> [Task to complete]:
Only the lines below from the one containing "that of K: the" to the one containing "unfolding measure_pmf_bind" should be repeated, both included and unchanged.

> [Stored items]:
--------------------

(* Let $X$ and $Y$ be random variables taking values in the non-negative integers with zero-inflated marginal cdfs $F(s)=(1-\pi_F)+\pi_F\bar F(s)$ and $G(t)=(1-\pi_G)+\pi_G\bar G(t)$ for $s,t\ge0$ (zero for negative arguments), where $\bar F,\bar G$ are discrete distribution functions. Let $p_1=\mathbb{P}[X=0]=F(0)$ and $p_2=\mathbb{P}[Y=0]=G(0)$. For a joint distribution $H$ of $(X,Y)$ with these marginals, let $\tau_A$ denote Kendall's $\tau$ of $(X,Y)$, i.e. $\tau_A=\mathbb{P}[(\tilde X_1-\tilde X_2)(\tilde Y_1-\tilde Y_2)>0]-\mathbb{P}[(\tilde X_1-\tilde X_2)(\tilde Y_1-\tilde Y_2)<0]$ for two independent copies $(\tilde X_1,\tilde Y_1),(\tilde X_2,\tilde Y_2)$ of $(X,Y)$. Let $\tilde s$ be a point with $F(\tilde s)>p_2$ and $F(\tilde s-1)\le p_2$; $\tilde t$ a point with $G(\tilde t)>p_1$ and $G(\tilde t-1)\le p_1$; $\tilde s'$ a point with $F(\tilde s')+p_2-1>0$ and $F(\tilde s'-1)+p_2-1\le 0$; $\tilde t'$ a point with $G(\tilde t')+p_1-1>0$ and $G(\tilde t'-1)+p_1-1\le0$. Let $p^U_{t_{11}}$ (resp. $p^L_{t_{11}}$) be the probability that, for two independent copies of $(X,Y)$ conditioned on $\{X>0,Y>0\}$, the $X$-components or the $Y$-components are tied, when $H$ is the upper Fréchet–Hoeffding bound $H(x,y)=\min\{F(x),G(y)\}$ (resp. the lower Fréchet–Hoeffding bound $H(x,y)=\max\{F(x)+G(y)-1,0\}$). Then, over joint distributions $H$ with marginals $F$ and $G$, the upper and lower bounds of $\tau_A$ are $$\tau_A^{upper}=\begin{cases}(1-p_2^2)-(1-p_2)^2p^U_{t_{11}}-2(p_2-F(\tilde s-1))(F(\tilde s)-p_2), & p_1\le p_2,\\ (1-p_1^2)-(1-p_1)^2p^U_{t_{11}}-2(p_1-G(\tilde t-1))(G(\tilde t)-p_1), & p_1\ge p_2,\end{cases}$$ $$\tau_A^{lower}=\begin{cases}-2(1-p_1)(1-p_2), & 1-p_1-p_2<0,\\ p_1^2+p_2^2-1+(1-p_1-p_2)^2p^L_{t_{11}}+2\big[(F(\tilde s')+p_2-1)(1-p_2-F(\tilde s'-1))+(G(\tilde t')+p_1-1)(1-p_1-G(\tilde t'-1))\big], & 1-p_1-p_2>0.\end{cases}$$
   Context: The upper Fréchet–Hoeffding bound $\min\{F(x),G(y)\}$ and lower bound $\max\{F(x)+G(y)-1,0\}$ are the pointwise maximal and minimal joint cdfs with marginals $F$ and $G$. *)

theory Defs
  imports "HOL-Probability.Probability"
begin

text \<open>Joint distributions of (X,Y) on the non-negative integers are modelled as pmfs on nat \<times> nat.
  Cdfs are functions on the integers (so that F(s-1) makes sense at s = 0, with value 0).\<close>

definition joint_cdf :: "(nat \<times> nat) pmf \<Rightarrow> int \<Rightarrow> int \<Rightarrow> real" where
  "joint_cdf H x y = measure_pmf.prob H {(a, b). int a \<le> x \<and> int b \<le> y}"

definition nat_cdf :: "nat pmf \<Rightarrow> int \<Rightarrow> real" where
  "nat_cdf P s = measure_pmf.prob P {n. int n \<le> s}"

definition couplings :: "(int \<Rightarrow> real) \<Rightarrow> (int \<Rightarrow> real) \<Rightarrow> (nat \<times> nat) pmf set" where
  "couplings F G = {H. (\<forall>s. measure_pmf.prob H {(a, b). int a \<le> s} = F s) \<and>
                       (\<forall>t. measure_pmf.prob H {(a, b). int b \<le> t} = G t)}"

definition pmf_of_joint_cdf :: "(int \<Rightarrow> int \<Rightarrow> real) \<Rightarrow> (nat \<times> nat) pmf" where
  "pmf_of_joint_cdf C = embed_pmf (\<lambda>(a, b).
      C (int a) (int b) - C (int a - 1) (int b) - C (int a) (int b - 1) + C (int a - 1) (int b - 1))"

definition FH_upper :: "(int \<Rightarrow> real) \<Rightarrow> (int \<Rightarrow> real) \<Rightarrow> (nat \<times> nat) pmf" where
  "FH_upper F G = pmf_of_joint_cdf (\<lambda>x y. min (F x) (G y))"

definition FH_lower :: "(int \<Rightarrow> real) \<Rightarrow> (int \<Rightarrow> real) \<Rightarrow> (nat \<times> nat) pmf" where
  "FH_lower F G = pmf_of_joint_cdf (\<lambda>x y. max (F x + G y - 1) 0)"

definition kendall_tau :: "(nat \<times> nat) pmf \<Rightarrow> real" where
  "kendall_tau H =
     measure_pmf.prob (pair_pmf H H)
       {((x1, y1), (x2, y2)). (int x1 - int x2) * (int y1 - int y2) > 0}
   - measure_pmf.prob (pair_pmf H H)
       {((x1, y1), (x2, y2)). (int x1 - int x2) * (int y1 - int y2) < 0}"

definition tie_prob_11 :: "(nat \<times> nat) pmf \<Rightarrow> real" where
  "tie_prob_11 H =
     (let Q = cond_pmf H {(a, b). a > 0 \<and> b > 0} in
      measure_pmf.prob (pair_pmf Q Q) {((x1, y1), (x2, y2)). x1 = x2 \<or> y1 = y2})"

end

theory Submission
  imports Defs
begin

text \<open>
  For U uniform on (0,1) and the quantile functions F^-1, G^-1 of the marginals, the pairs
  (F^-1 U, G^-1 U) and (F^-1 U, G^-1 (1 - U)) have the joint cdfs min (F x) (G y) and
  max (F x + G y - 1) 0. So both Frechet-Hoeffding bounds are couplings, and the joint cdf of
  every coupling lies between them.

  Kendall's tau is Q(H, H) for the concordance function Q(H, K) = E sgn (X - X') sgn (Y - Y'),
  where (X, Y) ~ H and (X', Y') ~ K are independent. Q is symmetric, and for fixed marginals
  Q(H, K) is an increasing affine function of the joint cdf of K. Hence
  tau H = Q(H, H) <= Q(H, K) = Q(K, H) <= Q(K, K) = tau K whenever the joint cdf of H lies below
  that of K: the supremum of tau is attained at the upper bound, the infimum at the lower one.

  The upper bound is supported on a chain, so it has no discordant pairs and tau = 1 - P(tie);
  the lower bound is supported on an antichain, so tau = - P(discordant) = P(tie) - 1. The
  probabilities are computed by splitting the support according to which coordinates vanish.
  Inside the quadrant X, Y > 0 the tie probability is tie_prob_11 times the squared mass of the
  quadrant; between two different parts the monotone structure of the support allows a tie only
  at the level s~ (resp. s~', t~'), which gives the product terms. The case p1 >= p2 of the upper
  bound follows from the case p1 <= p2 by exchanging X and Y.
\<close>

lemma expectation_bind_pmf:
  fixes f :: "'b \<Rightarrow> real"
  assumes "\<And>z. \<bar>f z\<bar> \<le> B"
  shows "measure_pmf.expectation (bind_pmf M N) f = (\<integral>x. measure_pmf.expectation (N x) f \<partial>M)"
  unfolding measure_pmf_bind
  by (subst integral_bind[where K="count_space UNIV" and B=B and B'=1])
     (use assms in \<open>auto intro!: measure_pmf.finite_measure
        simp: measure_pmf.emeasure_space_1 measure_pmf_in_subprob_algebra\<close>)

lemma expectation_pair_pmf:
  fixes f :: "'a \<times> 'b \<Rightarrow> real"
  assumes "\<And>z. \<bar>f z\<bar> \<le> B"
  shows "measure_pmf.expectation (pair_pmf p q) f = (\<integral>a. (\<integral>b. f (a, b) \<partial>q) \<partial>p)"
  unfolding pair_pmf_def using assms by (simp add: expectation_bind_pmf[where B=B])

lemma measure_pair_pmf_times:
  fixes p :: "'a::countable pmf" and q :: "'b::countable pmf"
  shows "measure_pmf.prob (pair_pmf p q) (A \<times> B) = measure_pmf.prob p A * measure_pmf.prob q B"
  by (rule measure_pmf_prob_product) (rule countableI_type)+

lemma measure_cond_pmf:
  assumes "set_pmf p \<inter> S \<noteq> {}"
  shows "measure_pmf.prob (cond_pmf p S) A = measure_pmf.prob p (A \<inter> S) / measure_pmf.prob p S"
  using assms by (simp add: cond_pmf.rep_eq emeasure_measure_pmf_not_zero Int_commute)

lemma measure_pair_cond_pmf:
  fixes p :: "'a::countable pmf" and q :: "'b::countable pmf"
  assumes A: "set_pmf p \<inter> A \<noteq> {}" and B: "set_pmf q \<inter> B \<noteq> {}"
  shows "measure_pmf.prob (pair_pmf (cond_pmf p A) (cond_pmf q B)) T =
         measure_pmf.prob (pair_pmf p q) (T \<inter> A \<times> B) / (measure_pmf.prob p A * measure_pmf.prob q B)"
proof -
  have AB: "set_pmf (pair_pmf p q) \<inter> A \<times> B \<noteq> {}" using A B by auto
  have "pair_pmf (cond_pmf p A) (cond_pmf q B) = cond_pmf (pair_pmf p q) (A \<times> B)"
  proof (rule pmf_eqI)
    fix x :: "'a \<times> 'b"
    show "pmf (pair_pmf (cond_pmf p A) (cond_pmf q B)) x = pmf (cond_pmf (pair_pmf p q) (A \<times> B)) x"
      by (cases x) (simp add: pmf_pair pmf_cond[OF A] pmf_cond[OF B] pmf_cond[OF AB] measure_pair_pmf_times)
  qed
  then show ?thesis by (simp add: measure_cond_pmf[OF AB] measure_pair_pmf_times)
qed

lemma measure_pair_pmf_eq_times_on_support:
  fixes p :: "'a::countable pmf" and q :: "'b::countable pmf"
  assumes "\<And>x y. x \<in> set_pmf p \<Longrightarrow> y \<in> set_pmf q \<Longrightarrow> (x, y) \<in> T \<longleftrightarrow> x \<in> A \<and> y \<in> B"
  shows "measure_pmf.prob (pair_pmf p q) T = measure_pmf.prob p A * measure_pmf.prob q B"
proof -
  have "T \<inter> set_pmf (pair_pmf p q) = (A \<inter> set_pmf p) \<times> (B \<inter> set_pmf q)"
    using assms by auto
  then show ?thesis
    by (metis measure_Int_set_pmf measure_pair_pmf_times)
qed

lemma measure_pair_pmf_blocks:
  assumes "finite \<R>" "disjoint \<R>" "set_pmf p \<subseteq> \<Union>\<R>" "set_pmf q \<subseteq> \<Union>\<R>"
  shows "measure_pmf.prob (pair_pmf p q) T =
         (\<Sum>A\<in>\<R>. \<Sum>B\<in>\<R>. measure_pmf.prob (pair_pmf p q) (T \<inter> A \<times> B))"
proof -
  let ?block = "\<lambda>(A, B). T \<inter> A \<times> B"
  have "T \<inter> set_pmf (pair_pmf p q) = (\<Union>AB\<in>\<R> \<times> \<R>. ?block AB) \<inter> set_pmf (pair_pmf p q)"
  proof (intro equalityI subsetI)
    fix x assume x: "x \<in> T \<inter> set_pmf (pair_pmf p q)"
    then have "fst x \<in> \<Union>\<R>" "snd x \<in> \<Union>\<R>"
      using assms(3,4) by (auto simp: mem_Times_iff)
    then obtain A B where "A \<in> \<R>" "B \<in> \<R>" "fst x \<in> A" "snd x \<in> B"
      by blast
    with x show "x \<in> (\<Union>AB\<in>\<R> \<times> \<R>. ?block AB) \<inter> set_pmf (pair_pmf p q)"
      by (cases x) auto
  qed auto
  then have "measure_pmf.prob (pair_pmf p q) T = measure_pmf.prob (pair_pmf p q) (\<Union>AB\<in>\<R> \<times> \<R>. ?block AB)"
    using measure_Int_set_pmf by metis
  also have "\<dots> = (\<Sum>AB\<in>\<R> \<times> \<R>. measure_pmf.prob (pair_pmf p q) (?block AB))"
  proof (rule measure_pmf.finite_measure_finite_Union)
    show "disjoint_family_on ?block (\<R> \<times> \<R>)"
      unfolding disjoint_family_on_def
    proof (intro ballI impI)
      fix AB AB' assume "AB \<in> \<R> \<times> \<R>" "AB' \<in> \<R> \<times> \<R>" "AB \<noteq> AB'"
      then obtain A B A' B' where "AB = (A, B)" "AB' = (A', B')" "A \<in> \<R>" "B \<in> \<R>" "A' \<in> \<R>" "B' \<in> \<R>"
        "A \<noteq> A' \<or> B \<noteq> B'" by auto
      then show "?block AB \<inter> ?block AB' = {}"
        by (auto dest: disjointD[OF assms(2)])
    qed
  qed (use assms(1) in auto)
  finally show ?thesis
    by (simp only: sum.cartesian_product split_def)
qed

definition concordant_pairs :: "((nat \<times> nat) \<times> (nat \<times> nat)) set" where
  "concordant_pairs = {((x1, y1), (x2, y2)). (int x1 - int x2) * (int y1 - int y2) > 0}"

definition discordant_pairs :: "((nat \<times> nat) \<times> (nat \<times> nat)) set" where
  "discordant_pairs = {((x1, y1), (x2, y2)). (int x1 - int x2) * (int y1 - int y2) < 0}"

definition tied_pairs :: "((nat \<times> nat) \<times> (nat \<times> nat)) set" where
  "tied_pairs = {((x1, y1), (x2, y2)). x1 = x2 \<or> y1 = y2}"

lemma kendall_tau_eq_measure:
  "kendall_tau H = measure_pmf.prob (pair_pmf H H) concordant_pairs
                 - measure_pmf.prob (pair_pmf H H) discordant_pairs"
  unfolding kendall_tau_def concordant_pairs_def discordant_pairs_def ..

lemma tie_prob_11_eq_measure:
  "tie_prob_11 H = measure_pmf.prob (pair_pmf (cond_pmf H {(a, b). 0 < a \<and> 0 < b})
                                              (cond_pmf H {(a, b). 0 < a \<and> 0 < b})) tied_pairs"
  unfolding tie_prob_11_def tied_pairs_def Let_def ..

lemma measure_concordant_discordant_tied:
  "measure_pmf.prob P concordant_pairs + measure_pmf.prob P discordant_pairs
   + measure_pmf.prob P tied_pairs = 1"
proof -
  have "concordant_pairs \<union> discordant_pairs \<union> tied_pairs = UNIV"
    by (auto simp: concordant_pairs_def discordant_pairs_def tied_pairs_def)
  then have "measure_pmf.prob P (concordant_pairs \<union> discordant_pairs \<union> tied_pairs) = 1"
    by simp
  then show ?thesis
    by (subst (asm) measure_pmf.finite_measure_Union; subst (asm) measure_pmf.finite_measure_Union)
       (auto simp: concordant_pairs_def discordant_pairs_def tied_pairs_def)
qed
(* Let $e_1,\dots,e_p\in\mathbb{C}^m$ and $f_1,\dots,f_p\in\mathbb{C}^n$ be unit vectors with $[e_1]=[e_2]=\cdots=[e_p]$. Then the face $F$ of $S$ generated by the states $\{\omega_{e_i\otimes f_i}:1\le i\le p\}$ is also a face of $K$; namely it is the face of $K$ associated with the subspace $L=e_1\otimes\operatorname{Span}\{f_1,\dots,f_p\}$ of $\mathbb{C}^m\otimes\mathbb{C}^n$, and $F$ is affinely isomorphic to the state space of $\mathcal{B}(L)$.
   Context: $\mathcal{B}(\mathbb{C}^m\otimes\mathbb{C}^n)$ is identified with $\mathcal{B}(\mathbb{C}^m)\otimes\mathcal{B}(\mathbb{C}^n)$. $K$ denotes the state space of $\mathcal{B}(\mathbb{C}^m\otimes\mathbb{C}^n)$ and $S\subseteq K$ the convex set of separable states, i.e. convex combinations of product states $\omega\otimes\sigma$; equivalently, convex combinations of pure product states $\omega_{x\otimes y}$ ($x\in\mathbb{C}^m$, $y\in\mathbb{C}^n$ unit vectors), where $\omega_z(A)=(Az,z)$. $[x]$ denotes the line spanned by $x$. The face of a convex set generated by a subset is the smallest face containing it. The face of $K$ associated with a subspace $M$ of $\mathbb{C}^m\otimes\mathbb{C}^n$ with projection $Q$ is $\{\omega\in K:\omega(Q)=1\}$, the convex hull of vector states $\omega_z$, $z\in M$ a unit vector. *)

theory Defs
  imports "HOL-Analysis.Analysis" "HOL-Library.Function_Algebras"
begin

text \<open>Pointwise real vector space structure on functions (used to form convex
  combinations of linear functionals, i.e. of states).\<close>

instantiation "fun" :: (type, real_vector) real_vector
begin
definition scaleR_fun :: "real \<Rightarrow> ('a \<Rightarrow> 'b) \<Rightarrow> 'a \<Rightarrow> 'b"
  where "scaleR_fun r f = (\<lambda>x. r *\<^sub>R f x)"
instance
  by standard (auto simp: scaleR_fun_def fun_eq_iff algebra_simps plus_fun_def)
end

--------------------

> [Solution for this task]:
  that of K: the supremum of tau is attained at the upper bound, the infimum at the lower one.

  The upper bound is supported on a chain, so it has no discordant pairs and tau = 1 - P(tie);
  the lower bound is supported on an antichain, so tau = - P(discordant) = P(tie) - 1. The
  probabilities are computed by splitting the support according to which coordinates vanish.
  Inside the quadrant X, Y > 0 the tie probability is tie_prob_11 times the squared mass of the
  quadrant; between two different parts the monotone structure of the support allows a tie only
  at the level s~ (resp. s~', t~'), which gives the product terms. The case p1 >= p2 of the upper
  bound follows from the case p1 <= p2 by exchanging X and Y.
\<close>

lemma expectation_bind_pmf:
  fixes f :: "'b \<Rightarrow> real"
  assumes "\<And>z. \<bar>f z\<bar> \<le> B"
  shows "measure_pmf.expectation (bind_pmf M N) f = (\<integral>x. measure_pmf.expectation (N x) f \<partial>M)"
  unfolding measure_pmf_bind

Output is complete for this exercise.